▶ **GOAL OF THE EXERCISE**:
From the entries that follow, list every line in which the string "step" appears.

Stored data

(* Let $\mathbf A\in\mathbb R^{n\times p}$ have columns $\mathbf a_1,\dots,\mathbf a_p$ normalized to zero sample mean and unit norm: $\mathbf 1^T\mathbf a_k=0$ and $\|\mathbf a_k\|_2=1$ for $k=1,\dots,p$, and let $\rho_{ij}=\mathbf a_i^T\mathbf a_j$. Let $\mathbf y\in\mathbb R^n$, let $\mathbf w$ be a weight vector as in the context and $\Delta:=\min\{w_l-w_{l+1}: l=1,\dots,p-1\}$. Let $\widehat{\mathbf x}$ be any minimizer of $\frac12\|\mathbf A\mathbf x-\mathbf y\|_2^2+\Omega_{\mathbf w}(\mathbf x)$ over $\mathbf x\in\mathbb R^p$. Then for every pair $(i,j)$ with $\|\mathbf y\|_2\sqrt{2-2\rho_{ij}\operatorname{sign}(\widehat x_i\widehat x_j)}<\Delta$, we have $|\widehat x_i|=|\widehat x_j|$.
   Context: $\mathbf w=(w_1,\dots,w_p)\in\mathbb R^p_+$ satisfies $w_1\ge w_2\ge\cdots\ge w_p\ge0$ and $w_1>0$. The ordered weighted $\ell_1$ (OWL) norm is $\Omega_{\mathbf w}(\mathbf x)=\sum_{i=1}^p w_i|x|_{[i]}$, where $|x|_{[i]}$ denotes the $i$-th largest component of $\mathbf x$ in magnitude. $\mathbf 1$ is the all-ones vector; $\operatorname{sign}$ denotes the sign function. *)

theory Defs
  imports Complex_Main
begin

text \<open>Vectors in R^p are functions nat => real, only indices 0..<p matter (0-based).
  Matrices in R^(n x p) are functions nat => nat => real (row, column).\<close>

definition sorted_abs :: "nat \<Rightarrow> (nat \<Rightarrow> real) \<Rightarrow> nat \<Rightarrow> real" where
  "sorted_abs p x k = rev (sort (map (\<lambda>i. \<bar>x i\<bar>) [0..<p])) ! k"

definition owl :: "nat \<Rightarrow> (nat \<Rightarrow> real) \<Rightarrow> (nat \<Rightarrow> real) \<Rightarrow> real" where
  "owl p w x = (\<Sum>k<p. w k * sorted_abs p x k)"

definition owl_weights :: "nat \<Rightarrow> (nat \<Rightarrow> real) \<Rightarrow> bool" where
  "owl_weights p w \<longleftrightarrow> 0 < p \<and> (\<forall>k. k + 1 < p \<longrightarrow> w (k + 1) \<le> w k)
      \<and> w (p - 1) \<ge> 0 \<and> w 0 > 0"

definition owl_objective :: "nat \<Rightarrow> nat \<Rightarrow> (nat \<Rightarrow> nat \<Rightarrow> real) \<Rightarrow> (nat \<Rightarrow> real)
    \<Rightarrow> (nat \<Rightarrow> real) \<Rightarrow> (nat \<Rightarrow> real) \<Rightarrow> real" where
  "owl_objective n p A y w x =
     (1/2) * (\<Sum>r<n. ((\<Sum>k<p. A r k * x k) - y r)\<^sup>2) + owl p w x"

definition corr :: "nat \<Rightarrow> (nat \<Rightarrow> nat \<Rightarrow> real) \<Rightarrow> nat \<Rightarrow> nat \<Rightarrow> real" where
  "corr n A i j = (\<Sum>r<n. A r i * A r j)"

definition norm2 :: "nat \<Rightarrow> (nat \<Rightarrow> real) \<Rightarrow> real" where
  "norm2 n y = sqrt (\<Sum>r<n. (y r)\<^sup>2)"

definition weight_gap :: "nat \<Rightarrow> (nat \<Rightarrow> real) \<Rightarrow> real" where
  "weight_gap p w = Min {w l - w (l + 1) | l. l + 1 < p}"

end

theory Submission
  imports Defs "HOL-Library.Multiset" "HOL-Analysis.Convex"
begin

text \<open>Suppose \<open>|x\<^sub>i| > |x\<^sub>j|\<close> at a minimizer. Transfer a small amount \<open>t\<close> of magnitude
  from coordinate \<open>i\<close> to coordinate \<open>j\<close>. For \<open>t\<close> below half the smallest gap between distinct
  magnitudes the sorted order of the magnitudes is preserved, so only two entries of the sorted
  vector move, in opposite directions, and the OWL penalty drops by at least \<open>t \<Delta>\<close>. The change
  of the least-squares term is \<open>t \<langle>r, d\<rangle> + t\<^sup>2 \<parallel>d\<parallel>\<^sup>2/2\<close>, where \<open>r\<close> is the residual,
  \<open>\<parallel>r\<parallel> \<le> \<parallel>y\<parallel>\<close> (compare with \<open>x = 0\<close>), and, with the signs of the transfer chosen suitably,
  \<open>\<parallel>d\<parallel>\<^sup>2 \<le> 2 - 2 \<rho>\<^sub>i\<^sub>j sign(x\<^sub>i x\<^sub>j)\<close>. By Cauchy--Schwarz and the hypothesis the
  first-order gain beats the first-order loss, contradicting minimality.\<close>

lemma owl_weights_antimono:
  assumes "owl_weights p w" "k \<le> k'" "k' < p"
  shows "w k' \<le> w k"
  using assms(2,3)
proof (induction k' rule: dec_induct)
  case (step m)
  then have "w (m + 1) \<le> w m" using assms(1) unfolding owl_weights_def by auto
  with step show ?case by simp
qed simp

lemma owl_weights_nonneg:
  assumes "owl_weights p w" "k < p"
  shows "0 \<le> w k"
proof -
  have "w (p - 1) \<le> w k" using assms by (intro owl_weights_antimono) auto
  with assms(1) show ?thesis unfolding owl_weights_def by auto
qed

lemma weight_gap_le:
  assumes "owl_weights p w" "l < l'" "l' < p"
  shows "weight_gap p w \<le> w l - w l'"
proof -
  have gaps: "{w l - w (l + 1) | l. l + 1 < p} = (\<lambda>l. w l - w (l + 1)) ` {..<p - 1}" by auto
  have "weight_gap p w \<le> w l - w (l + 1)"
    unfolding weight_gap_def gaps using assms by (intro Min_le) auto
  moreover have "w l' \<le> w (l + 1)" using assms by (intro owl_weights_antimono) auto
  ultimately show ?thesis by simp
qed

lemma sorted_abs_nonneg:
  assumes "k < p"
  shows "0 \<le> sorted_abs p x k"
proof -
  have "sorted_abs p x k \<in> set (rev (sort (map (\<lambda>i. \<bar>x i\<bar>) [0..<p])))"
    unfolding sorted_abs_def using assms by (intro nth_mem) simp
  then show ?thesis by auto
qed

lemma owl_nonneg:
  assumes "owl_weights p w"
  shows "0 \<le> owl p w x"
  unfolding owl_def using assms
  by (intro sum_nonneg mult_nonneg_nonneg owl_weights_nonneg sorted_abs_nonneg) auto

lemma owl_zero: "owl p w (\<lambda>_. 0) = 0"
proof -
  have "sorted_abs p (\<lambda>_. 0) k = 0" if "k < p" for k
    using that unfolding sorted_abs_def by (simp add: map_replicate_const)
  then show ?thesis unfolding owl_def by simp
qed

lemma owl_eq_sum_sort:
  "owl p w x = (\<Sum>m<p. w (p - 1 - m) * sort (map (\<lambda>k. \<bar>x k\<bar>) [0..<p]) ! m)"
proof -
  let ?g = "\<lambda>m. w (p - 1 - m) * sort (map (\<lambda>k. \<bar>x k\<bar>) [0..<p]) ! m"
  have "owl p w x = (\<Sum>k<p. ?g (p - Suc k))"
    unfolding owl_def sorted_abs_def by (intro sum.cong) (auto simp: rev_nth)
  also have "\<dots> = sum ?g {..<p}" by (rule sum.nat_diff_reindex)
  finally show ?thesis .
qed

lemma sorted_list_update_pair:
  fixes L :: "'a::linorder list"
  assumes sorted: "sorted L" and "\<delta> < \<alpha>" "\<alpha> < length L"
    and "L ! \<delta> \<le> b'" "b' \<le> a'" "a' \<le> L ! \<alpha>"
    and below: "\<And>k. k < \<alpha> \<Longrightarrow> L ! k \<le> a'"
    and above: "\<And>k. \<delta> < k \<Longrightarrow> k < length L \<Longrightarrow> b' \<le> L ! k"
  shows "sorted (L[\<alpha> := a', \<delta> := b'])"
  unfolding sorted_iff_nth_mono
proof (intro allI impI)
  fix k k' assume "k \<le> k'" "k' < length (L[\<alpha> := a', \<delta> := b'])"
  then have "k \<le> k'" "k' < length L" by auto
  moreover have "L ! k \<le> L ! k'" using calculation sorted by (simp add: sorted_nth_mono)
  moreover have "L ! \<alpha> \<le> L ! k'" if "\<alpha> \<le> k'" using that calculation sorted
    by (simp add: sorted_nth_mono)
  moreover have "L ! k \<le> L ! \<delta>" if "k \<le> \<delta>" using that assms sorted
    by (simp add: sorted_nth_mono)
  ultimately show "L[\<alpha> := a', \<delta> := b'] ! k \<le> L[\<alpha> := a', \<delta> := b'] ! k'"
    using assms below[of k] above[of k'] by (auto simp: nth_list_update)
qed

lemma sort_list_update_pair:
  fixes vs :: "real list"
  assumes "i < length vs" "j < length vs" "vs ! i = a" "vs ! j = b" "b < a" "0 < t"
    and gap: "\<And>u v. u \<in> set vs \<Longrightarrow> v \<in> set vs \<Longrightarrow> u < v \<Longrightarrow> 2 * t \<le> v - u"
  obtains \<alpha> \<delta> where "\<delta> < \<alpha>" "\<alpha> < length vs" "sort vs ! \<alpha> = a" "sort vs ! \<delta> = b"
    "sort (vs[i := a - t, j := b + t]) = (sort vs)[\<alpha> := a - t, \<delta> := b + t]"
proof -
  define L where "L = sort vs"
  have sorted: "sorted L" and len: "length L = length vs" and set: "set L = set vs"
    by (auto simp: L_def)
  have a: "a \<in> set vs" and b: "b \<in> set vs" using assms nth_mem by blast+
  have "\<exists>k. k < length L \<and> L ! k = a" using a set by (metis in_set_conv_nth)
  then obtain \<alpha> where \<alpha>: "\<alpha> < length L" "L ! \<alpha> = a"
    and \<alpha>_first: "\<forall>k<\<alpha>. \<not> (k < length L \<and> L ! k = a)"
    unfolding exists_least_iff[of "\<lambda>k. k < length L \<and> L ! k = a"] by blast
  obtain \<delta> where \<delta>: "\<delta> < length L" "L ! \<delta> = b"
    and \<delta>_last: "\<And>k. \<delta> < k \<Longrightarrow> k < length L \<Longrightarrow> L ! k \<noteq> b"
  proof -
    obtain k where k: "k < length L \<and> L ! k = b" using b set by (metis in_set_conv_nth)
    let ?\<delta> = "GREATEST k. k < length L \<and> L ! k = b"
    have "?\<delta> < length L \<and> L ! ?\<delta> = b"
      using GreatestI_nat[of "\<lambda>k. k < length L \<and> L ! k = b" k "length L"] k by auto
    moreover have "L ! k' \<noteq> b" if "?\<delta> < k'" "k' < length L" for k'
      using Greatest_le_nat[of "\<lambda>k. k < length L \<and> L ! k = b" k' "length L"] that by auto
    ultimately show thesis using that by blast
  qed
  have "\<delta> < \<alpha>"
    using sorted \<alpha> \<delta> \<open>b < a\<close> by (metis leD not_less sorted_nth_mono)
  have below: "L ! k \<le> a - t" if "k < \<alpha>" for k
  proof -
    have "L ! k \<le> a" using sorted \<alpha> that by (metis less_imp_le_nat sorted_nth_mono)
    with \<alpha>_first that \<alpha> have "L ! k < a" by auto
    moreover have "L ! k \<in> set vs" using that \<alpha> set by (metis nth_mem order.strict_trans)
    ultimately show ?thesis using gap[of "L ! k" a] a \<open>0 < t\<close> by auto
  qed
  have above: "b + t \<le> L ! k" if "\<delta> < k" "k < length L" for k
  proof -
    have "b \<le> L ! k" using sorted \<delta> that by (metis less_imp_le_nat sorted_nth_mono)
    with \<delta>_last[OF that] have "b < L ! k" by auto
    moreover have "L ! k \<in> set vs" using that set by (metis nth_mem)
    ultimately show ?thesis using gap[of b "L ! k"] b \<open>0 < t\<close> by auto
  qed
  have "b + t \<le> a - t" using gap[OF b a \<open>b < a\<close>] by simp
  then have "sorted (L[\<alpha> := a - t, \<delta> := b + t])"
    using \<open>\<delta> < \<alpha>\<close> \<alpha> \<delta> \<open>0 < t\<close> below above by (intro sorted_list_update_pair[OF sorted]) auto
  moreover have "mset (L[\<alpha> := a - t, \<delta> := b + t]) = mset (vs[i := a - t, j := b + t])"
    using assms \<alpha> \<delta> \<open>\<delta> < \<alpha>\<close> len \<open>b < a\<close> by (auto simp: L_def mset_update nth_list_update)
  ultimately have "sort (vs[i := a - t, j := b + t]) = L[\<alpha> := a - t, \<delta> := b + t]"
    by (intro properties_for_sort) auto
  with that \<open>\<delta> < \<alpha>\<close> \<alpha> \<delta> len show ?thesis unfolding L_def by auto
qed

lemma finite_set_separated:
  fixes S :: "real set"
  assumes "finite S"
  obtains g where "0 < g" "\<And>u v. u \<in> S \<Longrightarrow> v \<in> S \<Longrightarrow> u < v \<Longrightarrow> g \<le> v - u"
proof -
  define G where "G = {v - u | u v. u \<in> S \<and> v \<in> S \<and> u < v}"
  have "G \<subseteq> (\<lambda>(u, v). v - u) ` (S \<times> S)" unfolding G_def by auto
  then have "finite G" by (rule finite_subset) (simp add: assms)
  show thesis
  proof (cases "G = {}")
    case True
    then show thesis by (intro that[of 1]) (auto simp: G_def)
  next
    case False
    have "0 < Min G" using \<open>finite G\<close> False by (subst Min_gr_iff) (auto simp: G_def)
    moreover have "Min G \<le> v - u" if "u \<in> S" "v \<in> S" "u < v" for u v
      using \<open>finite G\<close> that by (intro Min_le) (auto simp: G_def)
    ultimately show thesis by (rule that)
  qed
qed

▶ **ANSWER TO THIS EXERCISE**:
  case (step m)
  with step show ?case by simp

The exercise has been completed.